• **Requirement**:
What you return must be every line from the beginning of the data through the line holding "case (snoc pre a)", unchanged.

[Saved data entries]
---------------
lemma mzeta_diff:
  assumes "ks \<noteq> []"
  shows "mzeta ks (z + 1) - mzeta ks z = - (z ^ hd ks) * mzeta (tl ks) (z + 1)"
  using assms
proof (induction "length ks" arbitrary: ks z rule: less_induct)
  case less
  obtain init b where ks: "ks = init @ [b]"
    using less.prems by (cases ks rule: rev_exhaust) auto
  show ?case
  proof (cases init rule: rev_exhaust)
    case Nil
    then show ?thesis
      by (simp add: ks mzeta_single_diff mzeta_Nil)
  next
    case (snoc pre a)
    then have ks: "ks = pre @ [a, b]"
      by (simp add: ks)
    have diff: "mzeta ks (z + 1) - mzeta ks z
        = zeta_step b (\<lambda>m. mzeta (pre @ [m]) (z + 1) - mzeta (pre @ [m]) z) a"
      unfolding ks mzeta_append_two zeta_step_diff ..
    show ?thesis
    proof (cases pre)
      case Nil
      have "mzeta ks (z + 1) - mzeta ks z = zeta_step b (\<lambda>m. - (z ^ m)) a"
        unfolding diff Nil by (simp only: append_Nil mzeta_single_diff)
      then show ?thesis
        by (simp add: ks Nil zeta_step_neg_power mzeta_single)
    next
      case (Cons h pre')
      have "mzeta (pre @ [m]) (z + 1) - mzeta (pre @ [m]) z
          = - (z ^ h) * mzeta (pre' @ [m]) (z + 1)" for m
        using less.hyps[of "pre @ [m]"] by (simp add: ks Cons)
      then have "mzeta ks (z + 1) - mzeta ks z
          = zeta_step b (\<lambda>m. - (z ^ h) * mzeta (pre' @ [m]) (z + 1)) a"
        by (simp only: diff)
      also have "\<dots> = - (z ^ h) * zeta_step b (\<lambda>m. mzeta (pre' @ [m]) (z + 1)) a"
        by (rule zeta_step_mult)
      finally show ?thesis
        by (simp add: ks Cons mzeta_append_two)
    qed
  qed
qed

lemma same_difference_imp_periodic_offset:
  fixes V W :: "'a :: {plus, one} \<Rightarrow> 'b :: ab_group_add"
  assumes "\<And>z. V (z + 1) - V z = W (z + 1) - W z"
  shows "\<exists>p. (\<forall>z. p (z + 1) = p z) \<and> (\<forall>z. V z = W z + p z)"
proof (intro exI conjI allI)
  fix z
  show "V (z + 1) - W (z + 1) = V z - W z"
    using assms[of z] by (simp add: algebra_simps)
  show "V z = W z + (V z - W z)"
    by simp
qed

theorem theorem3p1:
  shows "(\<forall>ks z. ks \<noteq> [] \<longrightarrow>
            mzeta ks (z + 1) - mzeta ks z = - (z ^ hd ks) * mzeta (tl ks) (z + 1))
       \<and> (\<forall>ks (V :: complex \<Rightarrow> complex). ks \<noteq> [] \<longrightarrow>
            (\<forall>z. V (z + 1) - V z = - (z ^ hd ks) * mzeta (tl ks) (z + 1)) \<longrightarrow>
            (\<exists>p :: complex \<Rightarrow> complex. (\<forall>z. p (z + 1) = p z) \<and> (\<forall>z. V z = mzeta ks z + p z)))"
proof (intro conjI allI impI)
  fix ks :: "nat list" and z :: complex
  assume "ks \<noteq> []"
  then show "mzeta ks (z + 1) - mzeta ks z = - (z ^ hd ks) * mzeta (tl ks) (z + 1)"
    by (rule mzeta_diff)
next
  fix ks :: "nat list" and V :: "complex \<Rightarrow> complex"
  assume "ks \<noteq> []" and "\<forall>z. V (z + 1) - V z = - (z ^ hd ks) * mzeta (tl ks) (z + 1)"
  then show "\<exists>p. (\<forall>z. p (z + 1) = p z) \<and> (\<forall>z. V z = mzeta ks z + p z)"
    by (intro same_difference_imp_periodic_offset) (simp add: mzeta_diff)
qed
---------------
• **Written reply**:
lemma mzeta_diff:
  assumes "ks \<noteq> []"
  shows "mzeta ks (z + 1) - mzeta ks z = - (z ^ hd ks) * mzeta (tl ks) (z + 1)"
  using assms
proof (induction "length ks" arbitrary: ks z rule: less_induct)
  case less
  obtain init b where ks: "ks = init @ [b]"
    using less.prems by (cases ks rule: rev_exhaust) auto
  show ?case
  proof (cases init rule: rev_exhaust)
    case Nil
    then show ?thesis
      by (simp add: ks mzeta_single_diff mzeta_Nil)
  next
    case (snoc pre a)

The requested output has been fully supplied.